In a previous post, I did a teardown of a NanoVNA-F V2. This time let’s take a look at a LiteVNA vector network analyzer. One of the key differences between the LiteVNA and the NanoVNA-F V2 is that LiteVNA has a frequency range from 50 kHz all the way to 6.3 GHz which essentially doubled the frequency range of the NanoVNA-F V2.
LiteVNA current has two versions: LiteVNA 62 and LiteVNA 64. Besides LCD screen sizes (2.8 inch for the 62 model versus 3.95 inch for the 64 model) and battery capacities (1.3 Ah for the 62 model versus 2 Ah for the 64 model), all other technical aspects are identical. The model I got here is the LiteVNA 62.
Unlike the NanoVNA-F V2 which is enclosed in a metal case, the LiteVNA comes in a plastic case with no additional shielding. But the build quality looks quite decent.

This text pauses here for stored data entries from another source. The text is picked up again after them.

lemma Balg_character_eval_top:
  assumes t1: "\<psi> tK = 1" and f: "f \<in> Balg"
  shows "\<psi> f = f (\<psi> zK, 1)"
proof -
  define a where "a = \<psi> zK"
  have a: "a \<in> cball 0 1"
    using Balg_character_zK by (simp add: a_def)
  define E where "E = onK (\<lambda>x. f (fst x, 1))"
  have E: "E \<in> Balg" "\<psi> E = \<psi> f"
    unfolding E_def using Balg_top_extension[OF f] Balg_character_top_extension[OF t1 f] by simp_all
  have "cmod (\<psi> f - f (a, 1)) < e" if e: "e > 0" for e
  proof -
    obtain r where r: "0 < r" "r < 1"
      and close: "\<And>z. z \<in> cball 0 1 \<Longrightarrow> dist (f (r *\<^sub>R z, 1)) (f (z, 1)) < e / 2"
      using uniform_approx_by_dilation[OF Balg_continuous_on_top[OF f], of "e / 2"] e by auto
    define F where "F = onK (\<lambda>x. f (r *\<^sub>R fst x, 1))"
    have F: "F \<in> Balg" "\<psi> F = f (r *\<^sub>R a, 1)"
      unfolding F_def a_def
      using Balg_holomorphic_on_disc Balg_character_holomorphic_on_disc
        Balg_dilation_holomorphic[OF f r(1)] open_ball cball_subset_ball_divide[OF r]
      by blast+
    obtain x where x: "x \<in> Kset" "E x - F x = \<psi> f - f (r *\<^sub>R a, 1)"
      using Balg_character_range[OF Balg.diff_closed[OF E(1) F(1)]]
      by (auto simp: Balg.character_diff[OF \<psi> E(1) F(1)] E(2) F(2))
    have "cmod (\<psi> f - f (r *\<^sub>R a, 1)) < e / 2"
      using x close[OF fst_Kset_in_cball[OF x(1)]] by (simp add: E_def F_def onK_def dist_norm norm_minus_commute)
    moreover have "cmod (f (r *\<^sub>R a, 1) - f (a, 1)) < e / 2"
      using close[OF a] by (simp add: dist_norm)
    ultimately show ?thesis
      using norm_diff_triangle_less by fastforce
  qed
  then show ?thesis
    unfolding a_def by (metis less_irrefl right_minus_eq zero_less_norm_iff)
qed

lemma Balg_character_eval: "\<exists>x\<in>Kset. \<forall>f\<in>Balg. \<psi> f = f x"
proof (cases "\<psi> tK = 1")
  case True
  then show ?thesis
    using Balg_character_eval_top Balg_character_zK by (auto simp: mem_Kset_iff)
next
  case False
  then show ?thesis
    by (rule Balg_character_eval_off_top)
qed

end

lemma Aalg_subset_Balg: "Aalg \<subseteq> Balg"
  by (auto simp: Aalg_def)

lemma Aalg_ideal: "f \<in> Balg \<Longrightarrow> g \<in> Aalg \<Longrightarrow> (\<lambda>x. f x * g x) \<in> Aalg"
  by (simp add: Aalg_def Balg.mult_closed)

interpretation Aalg: function_algebra Aalg
proof
  fix f g c assume "f \<in> Aalg" "g \<in> Aalg"
  then show "(\<lambda>x. f x + g x) \<in> Aalg" "(\<lambda>x. c * f x) \<in> Aalg" "(\<lambda>x. f x * g x) \<in> Aalg"
    by (simp_all add: Aalg_def Balg.add_closed Balg.scale_closed Balg.mult_closed)
qed (simp add: Aalg_def Balg.zero_closed)

lemma char_space_Aalg_eval:
  assumes \<phi>: "\<phi> \<in> char_space Aalg"
  shows "\<exists>x\<in>Kset - {(0, 1)}. \<phi> = restrict (\<lambda>f. f x) Aalg"
proof -
  have ext: "\<phi> \<in> extensional Aalg" and ch: "character Aalg \<phi>"
    using \<phi> by (auto simp: char_space_def)
  obtain \<psi> where \<psi>: "character Balg \<psi>" "\<forall>f\<in>Aalg. \<psi> f = \<phi> f"
    using Balg.character_extend_from_ideal[OF Aalg_subset_Balg Aalg_ideal ch] by blast
  obtain x where x: "x \<in> Kset" "\<forall>f\<in>Balg. \<psi> f = f x"
    using Balg_character_eval[OF \<psi>(1)] by blast
  have \<phi>_eval: "\<phi> f = f x" if "f \<in> Aalg" for f
    using that x(2) \<psi>(2) Aalg_subset_Balg by (metis subsetD)
  obtain g where g: "g \<in> Aalg" "\<phi> g \<noteq> 0"
    using ch by (auto simp: character_def)
  have "x \<noteq> (0, 1)"
    using \<phi>_eval[OF g(1)] g by (auto simp: Aalg_def)
  moreover have "\<phi> = restrict (\<lambda>f. f x) Aalg"
    by (rule extensionalityI[OF ext restrict_extensional]) (simp add: \<phi>_eval)
  ultimately show ?thesis
    using x(1) by blast
qed

lemma eval_in_char_space_Aalg:
  assumes x: "x \<in> Kset - {(0, 1)}"
  shows "restrict (\<lambda>f. f x) Aalg \<in> char_space Aalg"
proof -
  obtain z t where xzt: "x = (z, t)"
    by (cases x)
  have "\<exists>f\<in>Aalg. f x \<noteq> 0"
  proof (cases "z = 0")
    case False
    have "zK \<in> Aalg"
      using zK_in_Balg by (simp add: Aalg_def zK_def onK_def)
    moreover have "zK x \<noteq> 0"
      using x False by (simp add: xzt zK_def onK_def)
    ultimately show ?thesis by blast
  next
    case True
    have "(\<lambda>y. oneK y - tK y) \<in> Aalg"
      using Balg.diff_closed[OF oneK_in_Balg tK_in_Balg]
      by (simp add: Aalg_def oneK_def tK_def onK_def)
    moreover have "oneK x - tK x \<noteq> 0"
      using x True by (simp add: xzt oneK_def tK_def onK_def)
    ultimately show ?thesis
      by (intro bexI[of _ "\<lambda>y. oneK y - tK y"])
  qed
  then show ?thesis
    unfolding char_space_def character_def
    by (simp add: Aalg.add_closed Aalg.scale_closed Aalg.mult_closed)
qed

lemma topspace_gelfand_topology:
  assumes "A \<noteq> {}"
  shows "topspace (gelfand_topology A) = char_space A"
proof -
  obtain f where "f \<in> A"
    using assms by blast
  then have "char_space A \<in> {{\<phi> \<in> char_space A. \<phi> f \<in> U} | f U. f \<in> A \<and> open U}"
    by (intro CollectI exI[of _ f] exI[of _ UNIV]) auto
  then show ?thesis
    unfolding gelfand_topology_def topology_generated_by_topspace by blast
qed

lemma continuous_map_eval_gelfand_topology:
  "continuous_map (top_of_set (Kset - {(0, 1)})) (gelfand_topology Aalg) (\<lambda>x. restrict (\<lambda>f. f x) Aalg)"
  unfolding gelfand_topology_def
proof (rule continuous_on_generated_topo)
  let ?K = "Kset - {(0, 1)}"
  fix U assume "U \<in> {{\<phi> \<in> char_space Aalg. \<phi> f \<in> V} | f V. f \<in> Aalg \<and> open V}"
  then obtain f V where U: "U = {\<phi> \<in> char_space Aalg. \<phi> f \<in> V}" and f: "f \<in> Aalg" and V: "open V"
    by blast
  have "continuous_on ?K f"
    using BalgD(1) f Aalg_subset_Balg continuous_on_subset by blast
  then have "openin (top_of_set ?K) (?K \<inter> f -` V)"
    using V by (rule continuous_openin_preimage_gen)
  moreover have "(\<lambda>x. restrict (\<lambda>f. f x) Aalg) -` U \<inter> topspace (top_of_set ?K) = ?K \<inter> f -` V"
    using U f eval_in_char_space_Aalg by auto
  ultimately show "openin (top_of_set ?K) ((\<lambda>x. restrict (\<lambda>f. f x) Aalg) -` U \<inter> topspace (top_of_set ?K))"
    by simp
next
  have "\<Union> {{\<phi> \<in> char_space Aalg. \<phi> f \<in> U} | f U. f \<in> Aalg \<and> open U} = char_space Aalg"
    using topspace_gelfand_topology[OF Aalg.nonempty] by (simp add: gelfand_topology_def)
  then show "(\<lambda>x. restrict (\<lambda>f. f x) Aalg) ` topspace (top_of_set (Kset - {(0, 1)}))
      \<subseteq> \<Union> {{\<phi> \<in> char_space Aalg. \<phi> f \<in> U} | f U. f \<in> Aalg \<and> open U}"
    using eval_in_char_space_Aalg by (intro image_subsetI) simp
qed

As can be seen in the picture to the left below, the touch screen included uses 4 wire resistive sensing. Also note that all the header connections had been routed to the edge of the board. This design makes it easy to debug/troubleshoot. The inclusion of a microSD slot is certainly a welcome feature as it can be used to store screenshots during measurements.
In the picture to the left below, you can see an MS5351M I2C CMOS clock generator chip. The same chip is also used in the NanoVNA-F V2. In the picture to the right below there is a GS8722 rail-to-rail opamp and below the opamp there is an 8641 RF switch (SP4T) for switching the signal paths. This arrangement is again very similar to that in the NanoVNA-F V2. I suspect there are more of these 8641 RF switches on the board, but I did not remove any of the shielding cans to verify as they are soldered on.
Between the two shielding cans for S11 and S21 ports, there is a 2871E. It is a 23.5 MHz to 6 GHz fractional integer-N synthesizer and VCO.
Using the LiteVNA, I measured the 600 MHz to 6 GHz cross-polarized 4×4 panel antenna I reviewed last time. In addition to measuring using the LiteVNA as standalone, I also hooked it up to the computer and used NanoVNA saver to measure the same range. The results are shown below.
The first set of measurements are done between 500 MHz and 1.1 GHz. The antenna’s specified frequency range for the lower band is between 600 MHz to 960 MHz. The yellow trance from the LiteVNA screen capture is the VSWR and the cyan trace is the cross channel coupling (S21) measurement.
Here are the same measurement done in conjunction with the NanoVNA saver program. The trace on the left is the VSWR measurement and the trace on the right is the S21 which measures the coupling between the two adjacent antenna elements. As expected, the results obtained are pretty much identical to those shown above.
Here we are sweeping between 1.5 GHz to 3 GHz and measuring the mid-band of the antenna (specified between 1.71 GHz to 2.7 GHz).
Again, you can see that the results obtained either by the LiteVNA or using the NanoVNA saver software are similar. There are some minute differences however and it is likely due to the placement of the antenna during each measurement as the measurement is sensitive to many environmental factors.
The last set of measurements are done between 3 GHz and 6.3 GHz. The higher band of the antenna is specified as between 3.3 GHz and 6 GHz.
This time the NanoVNA saver measurements showed quite a bit of deviation from what we obtained from the LiteVNA alone. This is especially prominent in the VSWR measurement. The VSWR measurement recorded by NanoVNA saver is significantly higher than that measured by LiteVNA as standalone. I am not entirely sure why this is the case but I suspect when connected to the PC, the additional noise coupled via the USB cable could have contributed to the performance degradation. This is definitely something you should consider when measuring higher frequencies towards the upper limit of the LiteVNA.